Прежде чем перейти к краткому изложению позитивной программы Миллса, мы отметим ещё одну тенденцию в общественных науках, которую он критиковал. Соединение абстрактно-эмпирического метода, который стремиться стандартизировать и рутинизировать исследовательскую процедуру с использованием социологии в управленческих целях (пример – школа человеческих отношений) выливается в господство бюрократического духа в социальных науках. Формируется новый тип научных работников, готовых служить тем, кто их оплачивает. Отсюда неутешительный вывод Миллса: «Обществоведы становятся интеллектуально всё менее мятежными и всё более административно практичными… Усердно служат коммерческим и корпоративным целям в информационной и рекламной индустрии».[12]

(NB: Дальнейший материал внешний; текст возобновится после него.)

lemma side_crosses_at_zeros:
  assumes X: "X \<notin> Mcurve n P"
  shows "crosses_at_zeros (\<lambda>j. side j X)"
  unfolding crosses_at_zeros_def
proof (intro allI impI)
  fix j assume "side j X = 0"
  then obtain u where u: "X - M j = u *\<^sub>R e j"
    unfolding side_def using e_neq_0 by (blast elim: det2_eq_0_imp_parallel)
  have side_prev: "side (j - 1) X = u * det2 (e (j - 1)) (e j)"
    using M_diff[of "j - 1"] u by (simp add: side_def det2_def algebra_simps)
  have side_next: "side (j + 1) X = (alpha j - u) * det2 (e j) (e (j + 1))"
    using M_diff[of j] u by (simp add: side_def det2_def algebra_simps)
  have "0 < u * (u - alpha j)"
  proof (rule ccontr)
    assume "\<not> 0 < u * (u - alpha j)"
    then have "M j + u *\<^sub>R e j \<in> closed_segment (M j) (M j + alpha j *\<^sub>R e j)"
      by (intro add_scaleR_in_closed_segment) simp
    moreover have "M j + u *\<^sub>R e j = X" "M j + alpha j *\<^sub>R e j = M (j + 1)"
      using u M_diff[of j] by (simp_all add: algebra_simps)
    ultimately have "X \<in> closed_segment (M j) (M (j + 1))" by simp
    then show False using X closed_segment_subset_Mcurve by blast
  qed
  then show "side (j - 1) X * side (j + 1) X < 0"
    unfolding side_prev side_next using det2_consecutive_edges_pos[of j] det2_consecutive_edges_pos[of "j + 1"]
    by (simp add: mult_less_0_iff zero_less_mult_iff) 
qed

definition good :: "real^2 \<Rightarrow> bool" where
  "good X \<longleftrightarrow> (\<exists>k. positive_run n (\<lambda>j. side j X) k)"

definition weakly_good :: "real^2 \<Rightarrow> bool" where
  "weakly_good X \<longleftrightarrow> (\<exists>k\<in>{1..2 * int n}. \<forall>l\<in>{1..int n - 1}. 0 \<le> side (k + l) X)"

lemma open_good: "open {X. good X}"
proof -
  have "{X. good X} = (\<Union>k. \<Inter>l\<in>{1..int n - 1}. {X. 0 < side (k + l) X})"
    by (auto simp: good_def positive_run_def)
  moreover have "open (\<Inter>l\<in>{1..int n - 1}. {X. 0 < side (k + l) X})" for k
    by (intro open_INT finite_atLeastAtMost_int ballI open_Collect_less continuous_on_side
        continuous_on_const)
  ultimately show ?thesis by (simp add: open_UN)
qed

lemma closed_weakly_good: "closed {X. weakly_good X}"
proof -
  have "{X. weakly_good X} = (\<Union>k\<in>{1..2 * int n}. \<Inter>l\<in>{1..int n - 1}. {X. 0 \<le> side (k + l) X})"
    by (auto simp: weakly_good_def)
  moreover have "closed (\<Inter>l\<in>{1..int n - 1}. {X. 0 \<le> side (k + l) X})" for k
    by (intro closed_INT ballI closed_Collect_le continuous_on_side continuous_on_const)
  ultimately show ?thesis by (simp add: closed_UN)
qed

lemma good_imp_weakly_good:
  assumes "good X"
  shows "weakly_good X"
proof -
  obtain k where k: "positive_run n (\<lambda>j. side j X) k" using assms by (auto simp: good_def)
  have "side (j + 2 * int n + l) X = side (j + l) X" for j l
    using side_periodic[of "j + l" X] by (simp add: add_ac)
  then have "(\<lambda>l. side (k + l) X) \<in> (\<lambda>k l. side (k + l) X) ` {1..2 * int n}"
    using n2 by (intro periodic_in_image) (simp_all add: fun_eq_iff)
  then obtain k' where "k' \<in> {1..2 * int n}" "\<And>l. side (k + l) X = side (k' + l) X"
    by (auto simp: fun_eq_iff)
  with k show ?thesis by (auto simp: weakly_good_def positive_run_def intro!: less_imp_le)
qed

lemma weakly_good_imp_good:
  assumes "weakly_good X" "X \<notin> Mcurve n P"
  shows "good X"
proof -
  obtain k where "\<forall>l\<in>{1..int n - 1}. 0 \<le> side (k + l) X" using assms(1) by (auto simp: weakly_good_def)
  with n2 antiperiodic_side side_crosses_at_zeros[OF assms(2)] show ?thesis
    unfolding good_def by (blast elim: nonneg_run_imp_positive_run)
qed

lemma good_connected:
  assumes "connected S" "S \<inter> Mcurve n P = {}" "a \<in> S" "b \<in> S" "good a"
  shows "good b"
proof -
  define T where "T = S \<inter> {X. good X}"
  have "openin (top_of_set S) T" unfolding T_def using open_good by (rule openin_open_Int)
  moreover have "T = S \<inter> {X. weakly_good X}"
    using assms(2) good_imp_weakly_good weakly_good_imp_good by (auto simp: T_def)
  then have "closedin (top_of_set S) T" using closed_weakly_good by (simp add: closedin_closed_Int)
  ultimately have "T = {} \<or> T = S" using assms(1) by (simp add: connected_clopen)
  with assms(3-5) show ?thesis by (auto simp: T_def)
qed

Выход из сложившегося кризиса Миллс видит в возвращении к классической традиции в социологии. Традиционный подход не впадает в крайности «высокой теории» и «абстрактного эмпиризма».

Классики общественной мысли ставили перед собой три группы вопросов: об общественной структуре; о месте и роли общественной структуры в истории; о влиянии, оказываемом общественной структурой на конкретную жизненную ситуацию человека. Способность мыслить в таком ключе Миллс называет социологическим воображением. Сегодня большинство людей исключены из принятия решений связанных с социальной структурой и ходом истории. Из-за этого они испытывают чувство тревоги и беспокойства. Им кажется, что ими управляют неведомые силы. Прояснить, что представляют собой эти «неведомые силы», кто и как принимает общественно и исторически значимые решения – первейшая политическая и интеллектуальная задача социолога. Эта задача делает социологическое воображение самым необходимым сегодня качеством интеллектуала.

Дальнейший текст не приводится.